* [EXERCISE DETAILS]
Up to and including the line with "using of_real_eq_iff by blast", copy the records below exactly from their first line.

START PROVIDED MATERIAL

lemma fourier_gaussian_real:
  assumes "\<delta> > 0"
  shows "(\<integral>s. cis (- (t * s)) * exp (- (\<delta> * s)\<^sup>2 / 2) \<partial>lborel)
    = complex_of_real (sqrt (2 * pi) / \<delta> * exp (- (t / \<delta>)\<^sup>2 / 2))"
proof -
  have "(\<integral>s. cis (- (t * s)) * exp (- (\<delta> * s)\<^sup>2 / 2) \<partial>lborel)
     = \<bar>1 / \<delta>\<bar> *\<^sub>R (\<integral>s. cis (- (t * (0 + 1 / \<delta> * s))) * exp (- (\<delta> * (0 + 1 / \<delta> * s))\<^sup>2 / 2) \<partial>lborel)"
    using assms by (intro lborel_integral_real_affine) simp
  also have "(\<lambda>s. cis (- (t * (0 + 1 / \<delta> * s))) * exp (- (\<delta> * (0 + 1 / \<delta> * s))\<^sup>2 / 2))
      = (\<lambda>s. cis (- ((t / \<delta>) * s)) * exp (- s\<^sup>2 / 2))"
    using assms by (auto simp: field_simps)
  also have "(\<integral>s. cis (- ((t / \<delta>) * s)) * exp (- s\<^sup>2 / 2) \<partial>lborel)
      = complex_of_real (sqrt (2 * pi) * exp (- (t / \<delta>)\<^sup>2 / 2))"
    by (rule fourier_std_gaussian)
  finally show ?thesis
    using assms by (simp add: scaleR_conv_of_real)
qed

lemma nn_integral_gaussian_real:
  assumes "\<delta> > 0"
  shows "(\<integral>\<^sup>+ s. exp (- (\<delta> * s)\<^sup>2 / 2) \<partial>lborel) = ennreal (sqrt (2 * pi) / \<delta>)"
proof -
  have "complex_of_real (\<integral>s. exp (- (\<delta> * s)\<^sup>2 / 2) \<partial>lborel) = sqrt (2 * pi) / \<delta>"
    using fourier_gaussian_real[OF assms, of 0] by simp
  then have "(\<integral>s. exp (- (\<delta> * s)\<^sup>2 / 2) \<partial>lborel) = sqrt (2 * pi) / \<delta>"
    using of_real_eq_iff by blast
  with integrable_gaussian_real[of \<delta>] assms show ?thesis
    by (subst nn_integral_eq_integral) simp_all
qed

END PROVIDED MATERIAL

* [YOUR RESPONSE]
lemma fourier_gaussian_real:
  assumes "\<delta> > 0"
  shows "(\<integral>s. cis (- (t * s)) * exp (- (\<delta> * s)\<^sup>2 / 2) \<partial>lborel)
    = complex_of_real (sqrt (2 * pi) / \<delta> * exp (- (t / \<delta>)\<^sup>2 / 2))"
proof -
  have "(\<integral>s. cis (- (t * s)) * exp (- (\<delta> * s)\<^sup>2 / 2) \<partial>lborel)
     = \<bar>1 / \<delta>\<bar> *\<^sub>R (\<integral>s. cis (- (t * (0 + 1 / \<delta> * s))) * exp (- (\<delta> * (0 + 1 / \<delta> * s))\<^sup>2 / 2) \<partial>lborel)"
    using assms by (intro lborel_integral_real_affine) simp
  also have "(\<lambda>s. cis (- (t * (0 + 1 / \<delta> * s))) * exp (- (\<delta> * (0 + 1 / \<delta> * s))\<^sup>2 / 2))
      = (\<lambda>s. cis (- ((t / \<delta>) * s)) * exp (- s\<^sup>2 / 2))"
    using assms by (auto simp: field_simps)
  also have "(\<integral>s. cis (- ((t / \<delta>) * s)) * exp (- s\<^sup>2 / 2) \<partial>lborel)
      = complex_of_real (sqrt (2 * pi) * exp (- (t / \<delta>)\<^sup>2 / 2))"
    by (rule fourier_std_gaussian)
  finally show ?thesis
    using assms by (simp add: scaleR_conv_of_real)
qed

lemma nn_integral_gaussian_real:
  assumes "\<delta> > 0"
  shows "(\<integral>\<^sup>+ s. exp (- (\<delta> * s)\<^sup>2 / 2) \<partial>lborel) = ennreal (sqrt (2 * pi) / \<delta>)"
proof -
  have "complex_of_real (\<integral>s. exp (- (\<delta> * s)\<^sup>2 / 2) \<partial>lborel) = sqrt (2 * pi) / \<delta>"
    using fourier_gaussian_real[OF assms, of 0] by simp
  then have "(\<integral>s. exp (- (\<delta> * s)\<^sup>2 / 2) \<partial>lborel) = sqrt (2 * pi) / \<delta>"
    using of_real_eq_iff by blast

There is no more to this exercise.